Я вроде Измаила из «Моби Дика». Меня тоже снедает жажда дальних странствий. Чем длиннее расстояние, тем масштабнее кажутся мне приключения; чем выше карабкаться до вершины, тем больше требуется отваги. На игровом поле «Стратегии» моя родина, Аргентина, расположена в левом нижнем углу. А Камчатка, наоборот, – в правом верхнем, чуть ниже рисунка, изображающего розу ветров. В двумерной вселенной этой игры Камчатка была самой дальней из дальних стран.

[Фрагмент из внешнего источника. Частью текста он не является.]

(* Let $\sigma$ be any of the softmax, softmax-1 or Bayes-softmax activations. Then for all $m\in\mathbb R^{H\times F}$, $b\in\mathbb R^H$, $v\in\mathbb R$, the gradient of the reparameterized loss with respect to $r$ vanishes at $r=0$: $\nabla_r\tilde{\mathcal E}_\sigma(m,0,b,v)=0$.
   Context: Fix integers $L,H,F\ge1$ and a distribution $P_\theta$ on $\mathbb R^F$. For $m\in\mathbb R^{H\times F}$, $r\in\mathbb R^{H\times H}$ symmetric, $b\in\mathbb R^H$, $v\in\mathbb R$: $\tilde{\mathcal E}_\sigma(m,r,b,v)=\mathbb E\big[\sum_{\ell=1}^L(\delta_{\ell,\epsilon}-\frac1H\sum_{h=1}^H\sigma(\chi,b,v;h)_\ell)^2\big]$, $\chi_{h\ell}=\sum_fm_{hf}\chi^*_{f\ell}+\sum_{h'}r_{hh'}\xi_{h'\ell}$, with $\epsilon\sim\mathrm{Unif}(\{1,\dots,L\})$, $\theta\sim P_\theta$, and conditionally independent $\chi^*_{:\ell}\sim\mathcal N(\delta_{\ell,\epsilon}\theta,I_F)$, $\xi_{:\ell}\sim\mathcal N(0,I_H)$. Activations: softmax $\sigma(\chi,b,v;h)_\ell=e^{\chi_{h\ell}}/\sum_{\ell'}e^{\chi_{h\ell'}}$; softmax-1 $v e^{\chi_{h\ell}}/(e^{b_h}+\sum_{\ell'}e^{\chi_{h\ell'}})$; Bayes-softmax $e^{\chi_{h\ell}+b_h}/(\frac1H\sum_{h'}\sum_{\ell'}e^{\chi_{h'\ell'}+b_{h'}})$. *)

theory Defs
  imports "HOL-Analysis.Analysis" "HOL-Probability.Probability"
begin

text \<open>Index types: 'l = positions {1..L}, 'h = heads {1..H}, 'f = features {1..F}.
  All are finite (hence nonempty, so L,H,F >= 1).\<close>

type_synonym ('l,'h) activation = "real^'l^'h \<Rightarrow> real^'h \<Rightarrow> real \<Rightarrow> 'h \<Rightarrow> 'l \<Rightarrow> real"

definition softmax :: "('l::finite,'h::finite) activation" where
  "softmax chi b v h l = exp (chi$h$l) / (\<Sum>l'\<in>UNIV. exp (chi$h$l'))"

definition softmax1 :: "('l::finite,'h::finite) activation" where
  "softmax1 chi b v h l = v * exp (chi$h$l) / (exp (b$h) + (\<Sum>l'\<in>UNIV. exp (chi$h$l')))"

definition bayes_softmax :: "('l::finite,'h::finite) activation" where
  "bayes_softmax chi b v h l = exp (chi$h$l + b$h) /
     ((1 / real CARD('h)) * (\<Sum>h'\<in>UNIV. \<Sum>l'\<in>UNIV. exp (chi$h'$l' + b$h')))"

definition scores :: "real^'f^'h \<Rightarrow> real^'h^'h \<Rightarrow> real^'l^'f \<Rightarrow> real^'l^'h \<Rightarrow> real^'l^'h" where
  "scores m r cs xi = (\<chi> h l. (\<Sum>f\<in>UNIV. m$h$f * cs$f$l) + (\<Sum>h'\<in>UNIV. r$h$h' * xi$h'$l))"

definition sample_loss ::
  "('l::finite,'h::finite) activation \<Rightarrow> real^'f^'h \<Rightarrow> real^'h^'h \<Rightarrow> real^'h \<Rightarrow> real
     \<Rightarrow> 'l \<Rightarrow> real^'l^'f \<Rightarrow> real^'l^'h \<Rightarrow> real" where
  "sample_loss \<sigma> m r b v eps cs xi =
     (\<Sum>l\<in>UNIV. ((if l = eps then 1 else 0)
        - (1 / real CARD('h)) * (\<Sum>h\<in>UNIV. \<sigma> (scores m r cs xi) b v h l))\<^sup>2)"

definition chistar_density :: "'l \<Rightarrow> real^'f \<Rightarrow> real^'l^'f \<Rightarrow> real" where
  "chistar_density eps theta cs =
     (\<Prod>f\<in>UNIV. \<Prod>l\<in>UNIV. normal_density (if l = eps then theta$f else 0) 1 (cs$f$l))"

definition xi_density :: "real^'l^'h \<Rightarrow> real" where
  "xi_density xi = (\<Prod>h\<in>UNIV. \<Prod>l\<in>UNIV. std_normal_density (xi$h$l))"

text \<open>Reparameterized loss: eps ~ Unif('l), theta ~ P, then chi*, xi conditionally independent Gaussians.\<close>
definition reparam_loss ::
  "('l::finite,'h::finite) activation \<Rightarrow> (real^'f::finite) measure \<Rightarrow> real^'f^'h \<Rightarrow> real^'h^'h
     \<Rightarrow> real^'h \<Rightarrow> real \<Rightarrow> real" where
  "reparam_loss \<sigma> P m r b v =
     (1 / real CARD('l)) * (\<Sum>eps\<in>UNIV.
        \<integral>theta. (\<integral>cs. (\<integral>xi. sample_loss \<sigma> m r b v eps cs xi * chistar_density eps theta cs
                                 * xi_density xi \<partial>lborel) \<partial>lborel) \<partial>P)"

end

theory Submission
  imports Defs
begin

(* The loss is an average, over epsilon, theta and chi*, of the Gaussian smoothing
   J(r, A) = E_xi[l(A + r xi)] of a bounded, Lipschitz and differentiable function l of the score
   matrix, evaluated at A = m chi*.  Differentiating under the integral sign, the derivative of J at
   r = 0 is r |-> E_xi[Dl(A)(r xi)], which vanishes because xi |-> r xi is odd while the Gaussian
   density is even.  Since J is bounded and Lipschitz at r = 0 uniformly in A, dominated convergence
   carries the vanishing derivative through the remaining averages over chi* and theta. *)

section \<open>Differentiation under the integral sign\<close>

lemma tendsto_integral_dominated_at:
  fixes s :: "'r::first_countable_topology \<Rightarrow> 'a \<Rightarrow> 'b::{banach, second_countable_topology}"
  assumes meas: "\<And>t. s t \<in> borel_measurable M" and "f \<in> borel_measurable M"
    and w: "integrable M w"
    and lim: "\<And>x. x \<in> space M \<Longrightarrow> ((\<lambda>t. s t x) \<longlongrightarrow> f x) (at a)"
    and bound: "\<And>t x. t \<noteq> a \<Longrightarrow> x \<in> space M \<Longrightarrow> norm (s t x) \<le> w x"
  shows "((\<lambda>t. \<integral>x. s t x \<partial>M) \<longlongrightarrow> (\<integral>x. f x \<partial>M)) (at a)"
proof (subst tendsto_at_iff_sequentially, intro allI impI)
  fix X :: "nat \<Rightarrow> 'r" assume X: "\<forall>i. X i \<in> UNIV - {a}" "X \<longlonglongrightarrow> a"
  then have X_at: "filterlim X (at a) sequentially"
    by (auto simp: filterlim_at)
  show "((\<lambda>t. \<integral>x. s t x \<partial>M) \<circ> X) \<longlonglongrightarrow> (\<integral>x. f x \<partial>M)"
    unfolding comp_def
  proof (rule integral_dominated_convergence[OF \<open>f \<in> _\<close> meas w])
    show "AE x in M. (\<lambda>i. s (X i) x) \<longlonglongrightarrow> f x"
      using filterlim_compose[OF lim X_at] by auto
    show "AE x in M. norm (s (X i) x) \<le> w x" for i
      using X bound by auto
  qed
qed

lemma abs_derivative_le_lipschitz:
  fixes f :: "'r::real_normed_vector \<Rightarrow> real"
  assumes f: "(f has_derivative f') (at a)"
    and lip: "\<And>r. \<bar>f r - f a\<bar> \<le> norm (r - a) * c"
  shows "\<bar>f' h\<bar> \<le> norm h * c"
proof -
  have line: "((\<lambda>t. a + t *\<^sub>R h) has_derivative (\<lambda>t. t *\<^sub>R h)) (at 0)"
    by (auto intro!: derivative_eq_intros)
  have "(f has_derivative f') (at ((\<lambda>t. a + t *\<^sub>R h) 0))"
    using f by simp
  from has_derivative_compose[OF line this]
  have "((\<lambda>t. f (a + t *\<^sub>R h)) has_derivative (\<lambda>t. f' (t *\<^sub>R h))) (at 0)" .
  then have "((\<lambda>t. f (a + t *\<^sub>R h)) has_real_derivative f' h) (at 0)"
    unfolding has_field_derivative_def
    by (rule has_derivative_eq_rhs) (simp add: fun_eq_iff linear.scaleR[OF has_derivative_linear[OF f]])
  then have "((\<lambda>t. (f (a + t *\<^sub>R h) - f a) / t) \<longlongrightarrow> f' h) (at 0)"
    by (simp add: DERIV_def)
  moreover have "\<forall>\<^sub>F t in at 0. \<bar>(f (a + t *\<^sub>R h) - f a) / t\<bar> \<le> norm h * c"
    unfolding eventually_at_filter
  proof (intro always_eventually allI impI)
    fix t :: real assume "t \<noteq> 0"
    show "\<bar>(f (a + t *\<^sub>R h) - f a) / t\<bar> \<le> norm h * c"
      using lip[of "a + t *\<^sub>R h"] \<open>t \<noteq> 0\<close> by (simp add: abs_divide divide_le_eq mult_ac)
  qed
  ultimately show ?thesis
    using tendsto_le[OF at_neq_bot tendsto_const tendsto_rabs] by blast
qed

lemma abs_integral_diff_le:
  fixes f g :: "'a \<Rightarrow> real"
  assumes "integrable M f" "integrable M g" "integrable M C"
    and "\<And>x. x \<in> space M \<Longrightarrow> \<bar>f x - g x\<bar> \<le> C x"
  shows "\<bar>(\<integral>x. f x \<partial>M) - (\<integral>x. g x \<partial>M)\<bar> \<le> (\<integral>x. C x \<partial>M)"
proof -
  have "\<bar>(\<integral>x. f x \<partial>M) - (\<integral>x. g x \<partial>M)\<bar> = \<bar>\<integral>x. f x - g x \<partial>M\<bar>"
    using assms by simp
  also have "\<dots> \<le> (\<integral>x. \<bar>f x - g x\<bar> \<partial>M)"
    using integral_norm_bound[of M "\<lambda>x. f x - g x"] by simp
  also have "\<dots> \<le> (\<integral>x. C x \<partial>M)"
    using assms by (intro integral_mono) auto
  finally show ?thesis .
qed

lemma bounded_linear_integral:
  fixes G :: "'a \<Rightarrow> 'r::real_normed_vector \<Rightarrow> real"
  assumes lin: "\<And>x. x \<in> space M \<Longrightarrow> linear (G x)"
    and int: "\<And>h. integrable M (\<lambda>x. G x h)"
    and bound: "\<And>x h. x \<in> space M \<Longrightarrow> \<bar>G x h\<bar> \<le> norm h * C x"
    and C: "integrable M C"
  shows "bounded_linear (\<lambda>h. \<integral>x. G x h \<partial>M)"
proof (rule bounded_linear_intro)
  show "(\<integral>x. G x (h + k) \<partial>M) = (\<integral>x. G x h \<partial>M) + (\<integral>x. G x k \<partial>M)" for h k
  proof -
    have "(\<integral>x. G x (h + k) \<partial>M) = (\<integral>x. G x h + G x k \<partial>M)"
      by (intro Bochner_Integration.integral_cong refl linear_add[OF lin])
    then show ?thesis
      using int by simp
  qed
  show "(\<integral>x. G x (t *\<^sub>R h) \<partial>M) = t *\<^sub>R (\<integral>x. G x h \<partial>M)" for t h
  proof -
    have "(\<integral>x. G x (t *\<^sub>R h) \<partial>M) = (\<integral>x. t * G x h \<partial>M)"
      by (intro Bochner_Integration.integral_cong refl) (simp add: linear.scaleR[OF lin])
    then show ?thesis
      by simp
  qed
  show "norm (\<integral>x. G x h \<partial>M) \<le> norm h * (\<integral>x. C x \<partial>M)" for h
    using abs_integral_diff_le[OF int integrable_zero integrable_mult_right[OF C]] bound
    by simp
qed

lemma has_derivative_integral:
  fixes g :: "'r::real_normed_vector \<Rightarrow> 'a \<Rightarrow> real"
  assumes int: "\<And>r. integrable M (g r)"
    and G_meas: "\<And>r. (\<lambda>x. G x r) \<in> borel_measurable M"
    and deriv: "\<And>x. x \<in> space M \<Longrightarrow> ((\<lambda>r. g r x) has_derivative G x) (at a)"
    and lip: "\<And>r x. x \<in> space M \<Longrightarrow> \<bar>g r x - g a x\<bar> \<le> norm (r - a) * C x"
    and C: "integrable M C"
  shows "((\<lambda>r. \<integral>x. g r x \<partial>M) has_derivative (\<lambda>r. \<integral>x. G x r \<partial>M)) (at a)"
proof -
  have G_le: "\<bar>G x h\<bar> \<le> norm h * C x" if "x \<in> space M" for x h
    by (rule abs_derivative_le_lipschitz[OF deriv[OF that] lip[OF that]])
  have G_int: "integrable M (\<lambda>x. G x h)" for h
    by (rule Bochner_Integration.integrable_bound[OF integrable_mult_right[OF C, of "norm h"] G_meas])
      (auto intro!: AE_I2 order_trans[OF G_le abs_ge_self])
  have G_lin: "linear (G x)" if "x \<in> space M" for x
    using deriv[OF that] by (rule has_derivative_linear)
  have "bounded_linear (\<lambda>h. \<integral>x. G x h \<partial>M)"
    by (rule bounded_linear_integral[OF G_lin G_int G_le C])
  moreover
  define q where "q h x = (g (a + h) x - g a x - G x h) / norm h" for h x
  have lim: "((\<lambda>h. \<integral>x. q h x \<partial>M) \<longlongrightarrow> (\<integral>x. 0 \<partial>M)) (at 0)"
  proof (rule tendsto_integral_dominated_at[where w="\<lambda>x. 2 * C x"])
    show "q h \<in> borel_measurable M" for h
      unfolding q_def
      by (intro borel_measurable_divide borel_measurable_diff borel_measurable_const G_meas
          borel_measurable_integrable[OF int])
    show "((\<lambda>h. q h x) \<longlongrightarrow> 0) (at 0)" if "x \<in> space M" for x
    proof (rule tendsto_norm_zero_cancel)
      have "((\<lambda>h. norm (g (a + h) x - g a x - G x h) / norm h) \<longlongrightarrow> 0) (at 0)"
        using deriv[OF that] unfolding has_derivative_at by blast
      then show "((\<lambda>h. norm (q h x)) \<longlongrightarrow> 0) (at 0)"
        by (simp add: q_def norm_divide)
    qed
    show "norm (q h x) \<le> 2 * C x" if "h \<noteq> 0" "x \<in> space M" for h x
    proof -
      have "\<bar>g (a + h) x - g a x - G x h\<bar> \<le> \<bar>g (a + h) x - g a x\<bar> + \<bar>G x h\<bar>"
        by (rule abs_triangle_ineq4)
      also have "\<dots> \<le> 2 * C x * norm h"
        using lip[of x "a + h"] G_le[of x h] that by (simp add: algebra_simps)
      finally show ?thesis
        using that by (simp add: q_def abs_divide divide_le_eq)
    qed
  qed (use C in auto)
  have "((\<lambda>h. norm ((\<integral>x. g (a + h) x \<partial>M) - (\<integral>x. g a x \<partial>M) - (\<integral>x. G x h \<partial>M)) / norm h)
      \<longlongrightarrow> 0) (at 0)"
    using tendsto_norm_zero[OF lim[unfolded integral_zero]] int G_int by (simp add: q_def norm_divide)
  ultimately show ?thesis
    unfolding has_derivative_at by simp
qed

Когда мы садились играть, никто не спорил за право обладания Камчаткой. Националистов интересовала Южная Америка, честолюбцев – Северная; эстеты грезили о Европе, а прагматики ставили на Африку и Океанию, которые было легко завоевать и еще легче оборонять. Камчатка же находилась в Азии – на чересчур громадном, а следовательно, трудноконтролируемом континенте. Вдобавок Камчатка и страной-то настоящей не была: она имела суверенитет лишь в фантастическом мире «Стратегии», а кому нужны государства, которые существуют только понарошку?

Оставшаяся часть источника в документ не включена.